• REQUIRED ACTION
Find the line with "state \<Rightarrow> (nat \<Rightarrow> nat \<Rightarrow> real)" in the records below. Copy it and every line after it, up to and including the line with "proj01 (\<omega> i * xave n x".
*** EXTRACTED MATERIAL
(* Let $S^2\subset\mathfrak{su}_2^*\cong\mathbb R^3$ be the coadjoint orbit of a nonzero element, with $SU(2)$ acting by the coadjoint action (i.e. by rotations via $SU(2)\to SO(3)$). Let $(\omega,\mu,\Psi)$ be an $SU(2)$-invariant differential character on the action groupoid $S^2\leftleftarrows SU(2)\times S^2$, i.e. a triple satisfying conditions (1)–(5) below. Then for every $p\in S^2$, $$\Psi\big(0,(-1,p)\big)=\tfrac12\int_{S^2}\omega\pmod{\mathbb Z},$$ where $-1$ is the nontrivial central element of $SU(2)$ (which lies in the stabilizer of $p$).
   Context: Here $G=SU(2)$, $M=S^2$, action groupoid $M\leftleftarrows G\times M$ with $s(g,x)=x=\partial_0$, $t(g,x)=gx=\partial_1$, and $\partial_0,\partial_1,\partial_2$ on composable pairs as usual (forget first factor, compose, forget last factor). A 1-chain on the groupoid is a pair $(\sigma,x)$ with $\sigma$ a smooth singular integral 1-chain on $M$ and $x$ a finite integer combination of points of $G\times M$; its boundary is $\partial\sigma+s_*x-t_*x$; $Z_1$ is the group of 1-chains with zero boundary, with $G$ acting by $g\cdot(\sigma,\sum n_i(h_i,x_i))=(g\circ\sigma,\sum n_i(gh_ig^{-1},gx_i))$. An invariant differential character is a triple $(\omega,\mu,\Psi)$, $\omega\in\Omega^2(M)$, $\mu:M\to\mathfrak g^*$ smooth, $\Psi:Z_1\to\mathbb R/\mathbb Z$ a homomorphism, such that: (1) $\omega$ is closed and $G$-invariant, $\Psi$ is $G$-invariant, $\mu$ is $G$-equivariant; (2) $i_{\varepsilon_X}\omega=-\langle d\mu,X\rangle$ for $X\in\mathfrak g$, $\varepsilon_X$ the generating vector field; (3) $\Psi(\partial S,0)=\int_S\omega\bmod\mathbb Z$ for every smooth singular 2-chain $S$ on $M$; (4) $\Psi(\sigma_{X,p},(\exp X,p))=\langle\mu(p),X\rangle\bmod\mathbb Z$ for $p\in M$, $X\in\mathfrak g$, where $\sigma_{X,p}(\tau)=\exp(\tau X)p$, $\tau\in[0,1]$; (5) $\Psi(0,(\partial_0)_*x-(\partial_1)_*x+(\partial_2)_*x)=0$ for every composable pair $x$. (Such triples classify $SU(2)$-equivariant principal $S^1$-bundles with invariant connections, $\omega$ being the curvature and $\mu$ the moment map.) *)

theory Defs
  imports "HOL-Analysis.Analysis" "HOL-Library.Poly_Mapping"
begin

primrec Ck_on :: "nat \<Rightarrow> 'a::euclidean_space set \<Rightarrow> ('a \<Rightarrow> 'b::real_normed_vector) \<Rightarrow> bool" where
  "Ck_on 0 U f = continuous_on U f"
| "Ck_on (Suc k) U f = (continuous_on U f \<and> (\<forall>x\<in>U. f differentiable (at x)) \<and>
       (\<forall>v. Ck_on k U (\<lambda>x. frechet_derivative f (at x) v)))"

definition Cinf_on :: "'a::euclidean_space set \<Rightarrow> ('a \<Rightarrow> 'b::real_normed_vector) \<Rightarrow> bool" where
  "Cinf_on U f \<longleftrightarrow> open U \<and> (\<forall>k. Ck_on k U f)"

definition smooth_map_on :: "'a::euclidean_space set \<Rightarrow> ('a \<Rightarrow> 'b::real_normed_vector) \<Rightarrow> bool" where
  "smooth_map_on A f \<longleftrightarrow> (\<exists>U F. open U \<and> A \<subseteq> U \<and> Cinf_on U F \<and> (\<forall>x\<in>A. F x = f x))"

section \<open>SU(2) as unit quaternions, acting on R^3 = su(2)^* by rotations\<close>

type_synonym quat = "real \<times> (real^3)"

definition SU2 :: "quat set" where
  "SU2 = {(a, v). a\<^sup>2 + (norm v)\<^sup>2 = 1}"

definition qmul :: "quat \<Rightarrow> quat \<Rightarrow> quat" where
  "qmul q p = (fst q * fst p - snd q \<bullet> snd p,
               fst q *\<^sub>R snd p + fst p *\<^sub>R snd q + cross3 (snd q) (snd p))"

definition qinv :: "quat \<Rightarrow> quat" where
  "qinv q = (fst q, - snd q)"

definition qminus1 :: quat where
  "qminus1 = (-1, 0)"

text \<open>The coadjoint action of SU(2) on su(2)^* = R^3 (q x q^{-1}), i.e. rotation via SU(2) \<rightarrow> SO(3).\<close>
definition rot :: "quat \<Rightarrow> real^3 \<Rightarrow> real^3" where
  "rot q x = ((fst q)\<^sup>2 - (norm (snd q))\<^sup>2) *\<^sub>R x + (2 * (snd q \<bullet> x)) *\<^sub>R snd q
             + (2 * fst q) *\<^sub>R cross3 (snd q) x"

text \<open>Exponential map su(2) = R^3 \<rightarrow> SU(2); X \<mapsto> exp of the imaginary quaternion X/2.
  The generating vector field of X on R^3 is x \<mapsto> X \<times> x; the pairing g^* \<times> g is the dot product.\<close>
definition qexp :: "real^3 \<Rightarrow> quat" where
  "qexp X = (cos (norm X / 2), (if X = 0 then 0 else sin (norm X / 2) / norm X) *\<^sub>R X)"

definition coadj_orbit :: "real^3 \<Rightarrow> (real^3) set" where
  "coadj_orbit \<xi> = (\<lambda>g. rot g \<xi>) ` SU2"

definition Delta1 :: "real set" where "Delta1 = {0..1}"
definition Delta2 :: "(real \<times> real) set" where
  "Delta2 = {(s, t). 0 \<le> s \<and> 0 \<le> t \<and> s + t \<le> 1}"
******
*** EXTRACTED MATERIAL
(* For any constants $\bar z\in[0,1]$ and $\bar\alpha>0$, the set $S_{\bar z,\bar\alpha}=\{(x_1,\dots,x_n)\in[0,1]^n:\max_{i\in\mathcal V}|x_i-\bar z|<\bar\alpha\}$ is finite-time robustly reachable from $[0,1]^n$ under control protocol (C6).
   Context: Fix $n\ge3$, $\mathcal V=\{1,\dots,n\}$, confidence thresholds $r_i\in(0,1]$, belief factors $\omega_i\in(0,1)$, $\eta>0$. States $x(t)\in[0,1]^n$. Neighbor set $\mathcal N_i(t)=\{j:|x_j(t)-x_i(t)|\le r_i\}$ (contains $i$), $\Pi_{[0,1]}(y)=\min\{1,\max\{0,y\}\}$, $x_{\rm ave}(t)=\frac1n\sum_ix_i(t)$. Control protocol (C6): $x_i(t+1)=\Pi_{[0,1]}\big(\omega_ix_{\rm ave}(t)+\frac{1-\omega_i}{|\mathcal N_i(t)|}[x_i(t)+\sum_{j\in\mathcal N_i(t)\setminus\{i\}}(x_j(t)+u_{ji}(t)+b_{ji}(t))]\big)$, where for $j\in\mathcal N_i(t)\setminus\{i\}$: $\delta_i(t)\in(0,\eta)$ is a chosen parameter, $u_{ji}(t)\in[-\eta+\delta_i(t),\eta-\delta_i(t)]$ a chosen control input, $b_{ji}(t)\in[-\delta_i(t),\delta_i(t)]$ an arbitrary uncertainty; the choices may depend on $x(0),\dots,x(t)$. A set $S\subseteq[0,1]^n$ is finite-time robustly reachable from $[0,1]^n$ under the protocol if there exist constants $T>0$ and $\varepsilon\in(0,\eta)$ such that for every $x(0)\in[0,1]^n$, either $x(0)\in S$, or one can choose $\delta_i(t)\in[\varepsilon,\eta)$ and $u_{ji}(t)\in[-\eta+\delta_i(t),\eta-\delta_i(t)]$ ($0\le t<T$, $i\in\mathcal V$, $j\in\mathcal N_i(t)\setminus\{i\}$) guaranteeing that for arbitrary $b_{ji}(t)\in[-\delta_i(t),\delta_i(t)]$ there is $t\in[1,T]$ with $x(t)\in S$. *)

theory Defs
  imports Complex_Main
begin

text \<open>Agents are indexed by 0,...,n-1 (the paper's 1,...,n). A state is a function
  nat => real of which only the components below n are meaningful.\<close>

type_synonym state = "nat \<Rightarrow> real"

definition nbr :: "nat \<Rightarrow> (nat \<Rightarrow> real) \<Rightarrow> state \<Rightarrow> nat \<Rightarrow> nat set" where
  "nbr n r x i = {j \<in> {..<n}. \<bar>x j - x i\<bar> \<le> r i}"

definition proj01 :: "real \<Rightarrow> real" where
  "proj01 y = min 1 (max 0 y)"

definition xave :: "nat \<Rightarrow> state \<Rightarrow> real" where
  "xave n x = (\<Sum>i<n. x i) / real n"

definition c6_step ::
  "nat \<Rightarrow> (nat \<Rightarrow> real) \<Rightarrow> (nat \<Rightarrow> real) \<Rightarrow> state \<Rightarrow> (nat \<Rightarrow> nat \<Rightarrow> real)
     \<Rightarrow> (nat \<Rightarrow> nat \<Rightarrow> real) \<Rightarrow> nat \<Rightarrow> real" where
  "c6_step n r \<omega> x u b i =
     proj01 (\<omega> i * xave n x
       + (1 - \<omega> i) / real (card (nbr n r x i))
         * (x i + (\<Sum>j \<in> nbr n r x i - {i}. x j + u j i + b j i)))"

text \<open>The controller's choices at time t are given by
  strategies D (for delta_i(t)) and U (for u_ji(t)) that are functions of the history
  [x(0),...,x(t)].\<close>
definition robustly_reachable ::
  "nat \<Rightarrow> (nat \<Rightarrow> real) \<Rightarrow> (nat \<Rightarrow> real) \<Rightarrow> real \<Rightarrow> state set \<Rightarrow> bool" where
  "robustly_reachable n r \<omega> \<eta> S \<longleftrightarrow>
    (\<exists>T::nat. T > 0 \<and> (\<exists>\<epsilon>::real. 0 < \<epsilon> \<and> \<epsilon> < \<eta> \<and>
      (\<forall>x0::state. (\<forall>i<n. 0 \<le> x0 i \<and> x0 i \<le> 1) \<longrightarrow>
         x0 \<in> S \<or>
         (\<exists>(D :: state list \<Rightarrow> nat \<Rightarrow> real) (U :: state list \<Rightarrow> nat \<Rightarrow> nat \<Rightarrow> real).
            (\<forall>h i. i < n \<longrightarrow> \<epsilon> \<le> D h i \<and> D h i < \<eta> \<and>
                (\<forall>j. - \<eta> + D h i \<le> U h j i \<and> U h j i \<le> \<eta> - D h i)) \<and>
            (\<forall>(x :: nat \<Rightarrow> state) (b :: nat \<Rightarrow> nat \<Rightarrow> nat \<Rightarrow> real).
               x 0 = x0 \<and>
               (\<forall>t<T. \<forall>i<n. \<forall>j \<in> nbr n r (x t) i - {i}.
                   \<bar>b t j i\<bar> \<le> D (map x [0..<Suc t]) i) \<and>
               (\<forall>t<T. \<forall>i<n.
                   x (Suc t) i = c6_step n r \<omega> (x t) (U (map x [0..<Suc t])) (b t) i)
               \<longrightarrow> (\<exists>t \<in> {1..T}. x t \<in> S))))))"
******
• OUTPUT OF THE TASK
  "nat \<Rightarrow> (nat \<Rightarrow> real) \<Rightarrow> (nat \<Rightarrow> real) \<Rightarrow> state \<Rightarrow> (nat \<Rightarrow> nat \<Rightarrow> real)
     \<Rightarrow> (nat \<Rightarrow> nat \<Rightarrow> real) \<Rightarrow> nat \<Rightarrow> real" where
  "c6_step n r \<omega> x u b i =
     proj01 (\<omega> i * xave n x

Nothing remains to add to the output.